The 10 Brandeis Bridges fellows, selected by the Dean of Student Life and the Director of Hillel, will program events for the Brandeis community throughout the academic year and will return from the intercultural trip to Israel with a renewed understanding of each other’s communities.

Brandeis Bridges is a collaboration between three prominent organizations on the Brandeis campus: Brandeis Israel Public Affairs Committee (BIPAC), Brandeis Black Student Organization (BBSO) and Martin Luther King & Friends.
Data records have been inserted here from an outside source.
(* Consider a hierarchical tensor factorization with mode tree $\mathcal T$ whose weight matrices evolve under gradient flow on $\phi_H$ for $t\ge0$. For any $\nu\in\mathrm{int}(\mathcal T)$, $\nu_c\in C(\nu)$ and $r\in[R_\nu]$: $$\frac{d}{dt}\|W^{(\nu)}_{r,:}(t)\|^2=2\sigma_{\nu,r}(t)\big\langle-\nabla\mathcal L_H(\mathcal W_H(t)),\mathcal E_{\nu,r}(t)\big\rangle=\frac{d}{dt}\|W^{(\nu_c)}_{:,r}(t)\|^2.$$
   Context: Fix $N\in\mathbb N$, $D_1,\dots,D_N\in\mathbb N$; $[K]:=\{1,\dots,K\}$; norms are Frobenius norms, $\langle\cdot,\cdot\rangle$ the entrywise inner product, $\otimes$ the tensor product. A mode tree $\mathcal T$ over $[N]$ is a rooted tree whose nodes are labeled by subsets of $[N]$, with exactly $N$ leaves labeled $\{1\},\dots,\{N\}$, and where each interior node's label is the union of its children's labels; nodes are identified with labels, root $[N]$, $\mathrm{int}(\mathcal T)$ interior nodes, $Pa(\nu)$ parent, $C(\nu)$ children (fixed order). A hierarchical tensor factorization has $R_\nu\in\mathbb N$ ($\nu\in\mathrm{int}(\mathcal T)$), $R_{Pa([N])}:=1$, $R_{\{n\}}:=D_n$, weight matrices $W^{(\nu)}\in\mathbb R^{R_\nu\times R_{Pa(\nu)}}$. Intermediate tensors: $\mathcal W^{(\{n\},r)}:=W^{(\{n\})}_{:,r}$; for $\nu\in\mathrm{int}(\mathcal T)\setminus\{[N]\}$ (leaves to root), $r\in[R_{Pa(\nu)}]$: $\mathcal W^{(\nu,r)}:=\pi_\nu\big(\sum_{r'=1}^{R_\nu}W^{(\nu)}_{r',r}\bigotimes_{\nu_c\in C(\nu)}\mathcal W^{(\nu_c,r')}\big)$; end tensor $\mathcal W_H:=\pi_{[N]}\big(\sum_{r'=1}^{R_{[N]}}W^{([N])}_{r',1}\bigotimes_{\nu_c\in C([N])}\mathcal W^{(\nu_c,r')}\big)$, where $\pi_\nu$ permutes modes (ordered by children, each child's elements ascending) into ascending order of the elements of $\nu$. $\sigma_{\nu,r}:=\|W^{(\nu)}_{r,:}\|\prod_{\nu_c\in C(\nu)}\|W^{(\nu_c)}_{:,r}\|$. $\mathcal E_{\nu,r}$ is the end tensor obtained from the same construction except that, for every $r'\in[R_{Pa(\nu)}]$, the tensor produced at node $\nu$ (the end tensor itself if $\nu=[N]$) is replaced by $\pi_\nu\big(\sigma_{\nu,r}^{-1}W^{(\nu)}_{r,r'}\bigotimes_{\nu_c\in C(\nu)}\mathcal W^{(\nu_c,r)}\big)$; $\mathcal E_{\nu,r}:=0$ if $\sigma_{\nu,r}=0$. $\mathcal L_H:\mathbb R^{D_1\times\cdots\times D_N}\to\mathbb R_{\ge0}$ is differentiable and locally smooth, $\phi_H((W^{(\nu)})_\nu):=\mathcal L_H(\mathcal W_H)$, gradient flow: $\frac{d}{dt}W^{(\nu)}(t)=-\frac{\partial}{\partial W^{(\nu)}}\phi_H((W^{(\nu')}(t))_{\nu'})$ for all $\nu\in\mathcal T$, $t\ge0$; time-$t$ quantities are computed from the weights at time $t$. *)

theory Defs
  imports "HOL-Analysis.Analysis" "HOL-Analysis.Finite_Function_Topology"
begin

text \<open>Modes are 1..N.  A node of the mode tree is identified with its
label (a subset of {1..N}); T is the set of nodes, C the children map.
Weights: W nu i j is the (i,j) entry of the matrix W^(nu) (1-based indices).
An index tuple (i_1,...,i_N) of a tensor in R^(D_1 x ... x D_N) is represented
by the function a with a n = i_n for n in {1..N} and a n = 0 otherwise;
tensors are finitely supported maps from such index functions to reals.\<close>

definition mode_tree :: "nat \<Rightarrow> nat set set \<Rightarrow> (nat set \<Rightarrow> nat set set) \<Rightarrow> bool" where
  "mode_tree N T C \<longleftrightarrow>
     {1..N} \<in> T \<and>
     (\<forall>\<nu>\<in>T. \<nu> \<subseteq> {1..N} \<and> C \<nu> \<subseteq> T \<and> (\<forall>c\<in>C \<nu>. c \<subset> \<nu>)) \<and>
     {\<nu>\<in>T. C \<nu> = {}} = (\<lambda>n. {n}) ` {1..N} \<and>
     (\<forall>\<nu>\<in>T. C \<nu> \<noteq> {} \<longrightarrow> \<Union>(C \<nu>) = \<nu>) \<and>
     (\<forall>\<nu>\<in>T. \<nu> \<noteq> {1..N} \<longrightarrow> (\<exists>!p. p \<in> T \<and> \<nu> \<in> C p))"

definition interior :: "nat set set \<Rightarrow> (nat set \<Rightarrow> nat set set) \<Rightarrow> nat set set" where
  "interior T C = {\<nu>\<in>T. C \<nu> \<noteq> {}}"

definition parent :: "nat set set \<Rightarrow> (nat set \<Rightarrow> nat set set) \<Rightarrow> nat set \<Rightarrow> nat set" where
  "parent T C \<nu> = (THE p. p \<in> T \<and> \<nu> \<in> C p)"

definition rk :: "(nat set \<Rightarrow> nat set set) \<Rightarrow> (nat \<Rightarrow> nat) \<Rightarrow> (nat set \<Rightarrow> nat) \<Rightarrow> nat set \<Rightarrow> nat" where
  "rk C D R \<nu> = (if C \<nu> = {} then D (the_elem \<nu>) else R \<nu>)"

definition rkpa :: "nat \<Rightarrow> nat set set \<Rightarrow> (nat set \<Rightarrow> nat set set) \<Rightarrow> (nat \<Rightarrow> nat) \<Rightarrow> (nat set \<Rightarrow> nat) \<Rightarrow> nat set \<Rightarrow> nat" where
  "rkpa N T C D R \<nu> = (if \<nu> = {1..N} then 1 else rk C D R (parent T C \<nu>))"

text \<open>Intermediate tensors W^(nu,r), evaluated at an index assignment a of the modes of nu.
  The optional modifier (nu0, r0, c) replaces, at node nu0 only, the tensor produced
  there (for every column r) by  c * W^(nu0)_{r0,r} * tensor product of the W^(nu_c,r0).
  The first argument is recursion fuel (we use card nu, children have smaller labels).\<close>
fun htens :: "nat \<Rightarrow> (nat set \<Rightarrow> nat set set) \<Rightarrow> (nat set \<Rightarrow> nat) \<Rightarrow>
    (nat set \<Rightarrow> nat \<Rightarrow> nat \<Rightarrow> real) \<Rightarrow> (nat set \<times> nat \<times> real) option \<Rightarrow>
    nat set \<Rightarrow> nat \<Rightarrow> (nat \<Rightarrow> nat) \<Rightarrow> real" where
  "htens 0 C rkf W m \<nu> r a = 0"
| "htens (Suc k) C rkf W m \<nu> r a =
     (if C \<nu> = {} then W \<nu> (a (the_elem \<nu>)) r
      else (case m of
              Some (\<nu>0, r0, c) \<Rightarrow>
                 if \<nu> = \<nu>0 then c * W \<nu> r0 r * (\<Prod>\<nu>c\<in>C \<nu>. htens k C rkf W m \<nu>c r0 a)
                 else (\<Sum>r'\<in>{1..rkf \<nu>}. W \<nu> r' r * (\<Prod>\<nu>c\<in>C \<nu>. htens k C rkf W m \<nu>c r' a))
            | None \<Rightarrow> (\<Sum>r'\<in>{1..rkf \<nu>}. W \<nu> r' r * (\<Prod>\<nu>c\<in>C \<nu>. htens k C rkf W m \<nu>c r' a))))"

definition tbox :: "nat \<Rightarrow> (nat \<Rightarrow> nat) \<Rightarrow> (nat \<Rightarrow> nat) set" where
  "tbox N D = {a. (\<forall>n\<in>{1..N}. a n \<in> {1..D n}) \<and> (\<forall>n. n \<notin> {1..N} \<longrightarrow> a n = 0)}"

definition tspace :: "nat \<Rightarrow> (nat \<Rightarrow> nat) \<Rightarrow> ((nat \<Rightarrow> nat) \<Rightarrow>\<^sub>0 real) set" where
  "tspace N D = {X. Poly_Mapping.keys X \<subseteq> tbox N D}"

definition to_tensor :: "nat \<Rightarrow> (nat \<Rightarrow> nat) \<Rightarrow> ((nat \<Rightarrow> nat) \<Rightarrow> real) \<Rightarrow> ((nat \<Rightarrow> nat) \<Rightarrow>\<^sub>0 real)" where
  "to_tensor N D f = Abs_poly_mapping (\<lambda>a. if a \<in> tbox N D then f a else 0)"

definition end_tensor_mod :: "nat \<Rightarrow> (nat \<Rightarrow> nat) \<Rightarrow> nat set set \<Rightarrow> (nat set \<Rightarrow> nat set set) \<Rightarrow>
    (nat set \<Rightarrow> nat) \<Rightarrow> (nat set \<Rightarrow> nat \<Rightarrow> nat \<Rightarrow> real) \<Rightarrow> (nat set \<times> nat \<times> real) option \<Rightarrow>
    ((nat \<Rightarrow> nat) \<Rightarrow>\<^sub>0 real)" where
  "end_tensor_mod N D T C R W m =
     to_tensor N D (htens (card {1..N}) C (rk C D R) W m {1..N} 1)"

definition end_tensor where
  "end_tensor N D T C R W = end_tensor_mod N D T C R W None"

definition row_norm :: "nat \<Rightarrow> nat set set \<Rightarrow> (nat set \<Rightarrow> nat set set) \<Rightarrow> (nat \<Rightarrow> nat) \<Rightarrow>
    (nat set \<Rightarrow> nat) \<Rightarrow> (nat set \<Rightarrow> nat \<Rightarrow> nat \<Rightarrow> real) \<Rightarrow> nat set \<Rightarrow> nat \<Rightarrow> real" where
  "row_norm N T C D R W \<nu> r = sqrt (\<Sum>j\<in>{1..rkpa N T C D R \<nu>}. (W \<nu> r j)\<^sup>2)"

definition col_norm :: "(nat set \<Rightarrow> nat set set) \<Rightarrow> (nat \<Rightarrow> nat) \<Rightarrow>
    (nat set \<Rightarrow> nat) \<Rightarrow> (nat set \<Rightarrow> nat \<Rightarrow> nat \<Rightarrow> real) \<Rightarrow> nat set \<Rightarrow> nat \<Rightarrow> real" where
  "col_norm C D R W \<nu> r = sqrt (\<Sum>i\<in>{1..rk C D R \<nu>}. (W \<nu> i r)\<^sup>2)"

definition sigma :: "nat \<Rightarrow> nat set set \<Rightarrow> (nat set \<Rightarrow> nat set set) \<Rightarrow> (nat \<Rightarrow> nat) \<Rightarrow>
    (nat set \<Rightarrow> nat) \<Rightarrow> (nat set \<Rightarrow> nat \<Rightarrow> nat \<Rightarrow> real) \<Rightarrow> nat set \<Rightarrow> nat \<Rightarrow> real" where
  "sigma N T C D R W \<nu> r =
     row_norm N T C D R W \<nu> r * (\<Prod>\<nu>c\<in>C \<nu>. col_norm C D R W \<nu>c r)"

definition E_tensor :: "nat \<Rightarrow> (nat \<Rightarrow> nat) \<Rightarrow> nat set set \<Rightarrow> (nat set \<Rightarrow> nat set set) \<Rightarrow>
    (nat set \<Rightarrow> nat) \<Rightarrow> (nat set \<Rightarrow> nat \<Rightarrow> nat \<Rightarrow> real) \<Rightarrow> nat set \<Rightarrow> nat \<Rightarrow> ((nat \<Rightarrow> nat) \<Rightarrow>\<^sub>0 real)" where
  "E_tensor N D T C R W \<nu> r =
     (let s = sigma N T C D R W \<nu> r in
      if s = 0 then 0 else end_tensor_mod N D T C R W (Some (\<nu>, r, 1 / s)))"

definition tinner :: "nat \<Rightarrow> (nat \<Rightarrow> nat) \<Rightarrow> ((nat \<Rightarrow> nat) \<Rightarrow>\<^sub>0 real) \<Rightarrow> ((nat \<Rightarrow> nat) \<Rightarrow>\<^sub>0 real) \<Rightarrow> real" where
  "tinner N D X Y = (\<Sum>a\<in>tbox N D. Poly_Mapping.lookup X a * Poly_Mapping.lookup Y a)"

definition tgrad :: "nat \<Rightarrow> (nat \<Rightarrow> nat) \<Rightarrow> (((nat \<Rightarrow> nat) \<Rightarrow>\<^sub>0 real) \<Rightarrow> real) \<Rightarrow>
    ((nat \<Rightarrow> nat) \<Rightarrow>\<^sub>0 real) \<Rightarrow> ((nat \<Rightarrow> nat) \<Rightarrow>\<^sub>0 real)" where
  "tgrad N D L X = to_tensor N D (\<lambda>a. deriv (\<lambda>s. L (X + Poly_Mapping.single a s)) 0)"

definition loss_ok :: "nat \<Rightarrow> (nat \<Rightarrow> nat) \<Rightarrow> (((nat \<Rightarrow> nat) \<Rightarrow>\<^sub>0 real) \<Rightarrow> real) \<Rightarrow> bool" where
  "loss_ok N D L \<longleftrightarrow>
     (\<forall>X\<in>tspace N D. L X \<ge> 0) \<and>
     (\<forall>X\<in>tspace N D. L differentiable (at X within tspace N D)) \<and>
     (\<forall>X\<in>tspace N D. \<exists>e>0. \<exists>K. \<forall>Y\<in>tspace N D. \<forall>Z\<in>tspace N D.
         dist Y X < e \<longrightarrow> dist Z X < e \<longrightarrow>
         norm (tgrad N D L Y - tgrad N D L Z) \<le> K * norm (Y - Z))"

definition phiH where
  "phiH N D T C R L W = L (end_tensor N D T C R W)"

definition upd_w :: "(nat set \<Rightarrow> nat \<Rightarrow> nat \<Rightarrow> real) \<Rightarrow> nat set \<Rightarrow> nat \<Rightarrow> nat \<Rightarrow> real \<Rightarrow>
    (nat set \<Rightarrow> nat \<Rightarrow> nat \<Rightarrow> real)" where
  "upd_w W \<nu> i j s = W(\<nu> := (W \<nu>)(i := (W \<nu> i)(j := s)))"

definition partial_phi where
  "partial_phi N D T C R L W \<nu> i j = deriv (\<lambda>s. phiH N D T C R L (upd_w W \<nu> i j s)) (W \<nu> i j)"

definition grad_flow where
  "grad_flow N D T C R L Wt \<longleftrightarrow>
     (\<forall>t\<ge>0. \<forall>\<nu>\<in>T. \<forall>i\<in>{1..rk C D R \<nu>}. \<forall>j\<in>{1..rkpa N T C D R \<nu>}.
        ((\<lambda>\<tau>. Wt \<tau> \<nu> i j) has_real_derivative (- partial_phi N D T C R L (Wt t) \<nu> i j))
          (at t within {0..}))"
The fellowship was founded in November 2012 by the leaders of these three organizations, Ryan Yuffe ’15, Alex Thomson ’15, Amaris Brown ’16 and Cynthia Jackson ’16, with help from Amanda Dryer ’13. These founding coordinators mapped out an extensive program that includes a 10-day intercultural trip to Israel that will take place in January 2014. The coordinators met with donors and organizations to raise $50,000 to fully fund the trip, rendering it free of cost for all participants.

According to the program’s website, its founders believe that the black and Jewish communities on campus have so far been “distant,” and according to Yuffe, this trip is meant to “fill the gap between the two communities,” “cross cultural boundaries” and bond over similar interests.
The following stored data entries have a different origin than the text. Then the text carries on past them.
(* Let $p\equiv1\pmod 4$ be a prime. Let $S\subset\mathbb{P}^5$ be the surface over $\mathbb{F}_p$ defined by $$x_1^2-x_2^2=x_3^2,\qquad x_0^2-x_1^2=x_4^2,\qquad x_0^2-x_2^2=x_5^2,$$ and let $X\subset\mathbb{A}^3$ be the affine surface over $\mathbb{F}_p$ given by $z^2=(x^2y^2+1)(x^2+y^2)$. Then $S$ is birationally isomorphic to $X$ over $\mathbb{F}_p$. Moreover, there is an isomorphism (of varieties over $\mathbb{F}_p$) between $S\setminus D$ and $X\setminus D_1$, where $D=S\cap\{x_1x_5=0\}$ and $D_1=X\cap\{xyz=0\}$. *)

theory Defs
  imports "HOL-Computational_Algebra.Polynomial"
begin

definition alg_closed :: "'k::field itself \<Rightarrow> bool" where
  "alg_closed _ \<longleftrightarrow> (\<forall>q::'k poly. degree q \<ge> 1 \<longrightarrow> (\<exists>x. poly q x = 0))"

text \<open>Polynomial expressions in variables X_0, X_1, ... with integer coefficients;
  in a field of characteristic p the integer constants are exactly the elements of F_p,
  so these are the polynomials with coefficients in F_p.\<close>

datatype mpoly = Var nat | Const int | Add mpoly mpoly | Mul mpoly mpoly

fun ev :: "(nat \<Rightarrow> 'k::field) \<Rightarrow> mpoly \<Rightarrow> 'k" where
  "ev x (Var i) = x i"
| "ev x (Const c) = of_int c"
| "ev x (Add P Q) = ev x P + ev x Q"
| "ev x (Mul P Q) = ev x P * ev x Q"

definition homog :: "nat \<Rightarrow> mpoly \<Rightarrow> 'k::field itself \<Rightarrow> bool" where
  "homog d P _ \<longleftrightarrow> (\<forall>(c::'k) x. ev (\<lambda>i. c * x i) P = c ^ d * ev x P)"

text \<open>Points of P^5 are represented by nonzero vectors (coordinates 0..5, others 0)
  up to scaling; points of A^3 by vectors with coordinates 0,1,2 = x,y,z.\<close>

definition proj_eq :: "(nat \<Rightarrow> 'k::field) \<Rightarrow> (nat \<Rightarrow> 'k) \<Rightarrow> bool" where
  "proj_eq u v \<longleftrightarrow> (\<exists>c. c \<noteq> 0 \<and> u = (\<lambda>i. c * v i))"

definition S_cone :: "(nat \<Rightarrow> 'k::field) set" where
  "S_cone = {x. (\<forall>i>5. x i = 0) \<and> (\<exists>i\<le>5. x i \<noteq> 0) \<and>
     (x 1)^2 - (x 2)^2 = (x 3)^2 \<and> (x 0)^2 - (x 1)^2 = (x 4)^2 \<and> (x 0)^2 - (x 2)^2 = (x 5)^2}"

definition S_minus_D :: "(nat \<Rightarrow> 'k::field) set" where
  "S_minus_D = {x \<in> S_cone. x 1 * x 5 \<noteq> 0}"

definition X_pts :: "(nat \<Rightarrow> 'k::field) set" where
  "X_pts = {v. (\<forall>i>2. v i = 0) \<and>
     (v 2)^2 = ((v 0)^2 * (v 1)^2 + 1) * ((v 0)^2 + (v 1)^2)}"

definition X_minus_D1 :: "(nat \<Rightarrow> 'k::field) set" where
  "X_minus_D1 = {v \<in> X_pts. v 0 * v 1 * v 2 \<noteq> 0}"

definition proj_open :: "(nat \<Rightarrow> 'k::field) set \<Rightarrow> (nat \<Rightarrow> 'k) set \<Rightarrow> bool" where
  "proj_open A U \<longleftrightarrow> U \<subseteq> A \<and> (\<forall>a\<in>U. \<exists>d Q. homog d Q TYPE('k) \<and> ev a Q \<noteq> 0 \<and>
      {b\<in>A. ev b Q \<noteq> 0} \<subseteq> U)"

definition proj_dense :: "(nat \<Rightarrow> 'k::field) set \<Rightarrow> (nat \<Rightarrow> 'k) set \<Rightarrow> bool" where
  "proj_dense A U \<longleftrightarrow> (\<forall>d Q. homog d Q TYPE('k) \<longrightarrow> (\<exists>b\<in>A. ev b Q \<noteq> 0) \<longrightarrow>
      (\<exists>b\<in>U. ev b Q \<noteq> 0))"

definition aff_open :: "(nat \<Rightarrow> 'k::field) set \<Rightarrow> (nat \<Rightarrow> 'k) set \<Rightarrow> bool" where
  "aff_open A V \<longleftrightarrow> V \<subseteq> A \<and> (\<forall>a\<in>V. \<exists>Q. ev a Q \<noteq> 0 \<and> {b\<in>A. ev b Q \<noteq> 0} \<subseteq> V)"

definition aff_dense :: "(nat \<Rightarrow> 'k::field) set \<Rightarrow> (nat \<Rightarrow> 'k) set \<Rightarrow> bool" where
  "aff_dense A V \<longleftrightarrow> (\<forall>Q. (\<exists>b\<in>A. ev b Q \<noteq> 0) \<longrightarrow> (\<exists>b\<in>V. ev b Q \<noteq> 0))"

definition reg_proj_to_aff ::
  "(nat \<Rightarrow> 'k::field) set \<Rightarrow> ((nat \<Rightarrow> 'k) \<Rightarrow> (nat \<Rightarrow> 'k)) \<Rightarrow> bool" where
  "reg_proj_to_aff U f \<longleftrightarrow>
     (\<forall>a\<in>U. \<forall>b\<in>U. proj_eq a b \<longrightarrow> f a = f b) \<and>
     (\<forall>a\<in>U. \<exists>d Q P. homog d Q TYPE('k) \<and> (\<forall>i<3. homog d (P i) TYPE('k)) \<and> ev a Q \<noteq> 0 \<and>
        (\<forall>b\<in>U. ev b Q \<noteq> 0 \<longrightarrow>
            f b = (\<lambda>i. if i < 3 then ev b (P i) / ev b Q else 0)))"

definition reg_aff_to_proj ::
  "(nat \<Rightarrow> 'k::field) set \<Rightarrow> ((nat \<Rightarrow> 'k) \<Rightarrow> (nat \<Rightarrow> 'k)) \<Rightarrow> bool" where
  "reg_aff_to_proj V g \<longleftrightarrow>
     (\<forall>a\<in>V. \<exists>Q P. ev a Q \<noteq> 0 \<and>
        (\<forall>b\<in>V. ev b Q \<noteq> 0 \<longrightarrow> (\<exists>i\<le>5. ev b (P i) \<noteq> 0) \<and>
            proj_eq (g b) (\<lambda>i. if i \<le> 5 then ev b (P i) else 0)))"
“Students from non-Jewish descent [at Brandeis] feel that they are at a disadvantage because they are not fully aware of Brandeis’ Jewish roots and the campus culture that emanates from those foundations. The Jewish community at Brandeis has generally seen little organized interaction with black students and therefore has not been exposed to the community’s passions, ideas and culture,” Yuffe said.

“Dating back to before the civil rights movement, there was a robust bond between the black and Jewish communities. Leaders of both communities marched together at Selma and fought alongside on many other issues. Brandeis Bridges looks back to this period as a sign of great achievements that can be had through cooperation and mutual understanding,” Brandeis Bridges’ Facebook page states. “We believe strongly that Brandeis Bridges can begin to transform the campus environment between the two communities.”

“This is a landmark opportunity for these communities to interact and discover their common pasts,” said Jackson. “I am really proud to be working on such an initiative.”

The Office of the President, the Office of Student Life, Hillel at Brandeis and the Department of African and Afro-American Studies have expressed their support for the program, which received funding from the Combined Jewish Philanthropies, Israel Campus Roundtable, the Jacobson Family Foundation, Brandeis University, Students Organized Against Racism and private donors.

First-year Megi Belegu said, “Brandeis Bridges seems like such an amazing opportunity. If there was a program like this for [me] I would definitely go on it myself!”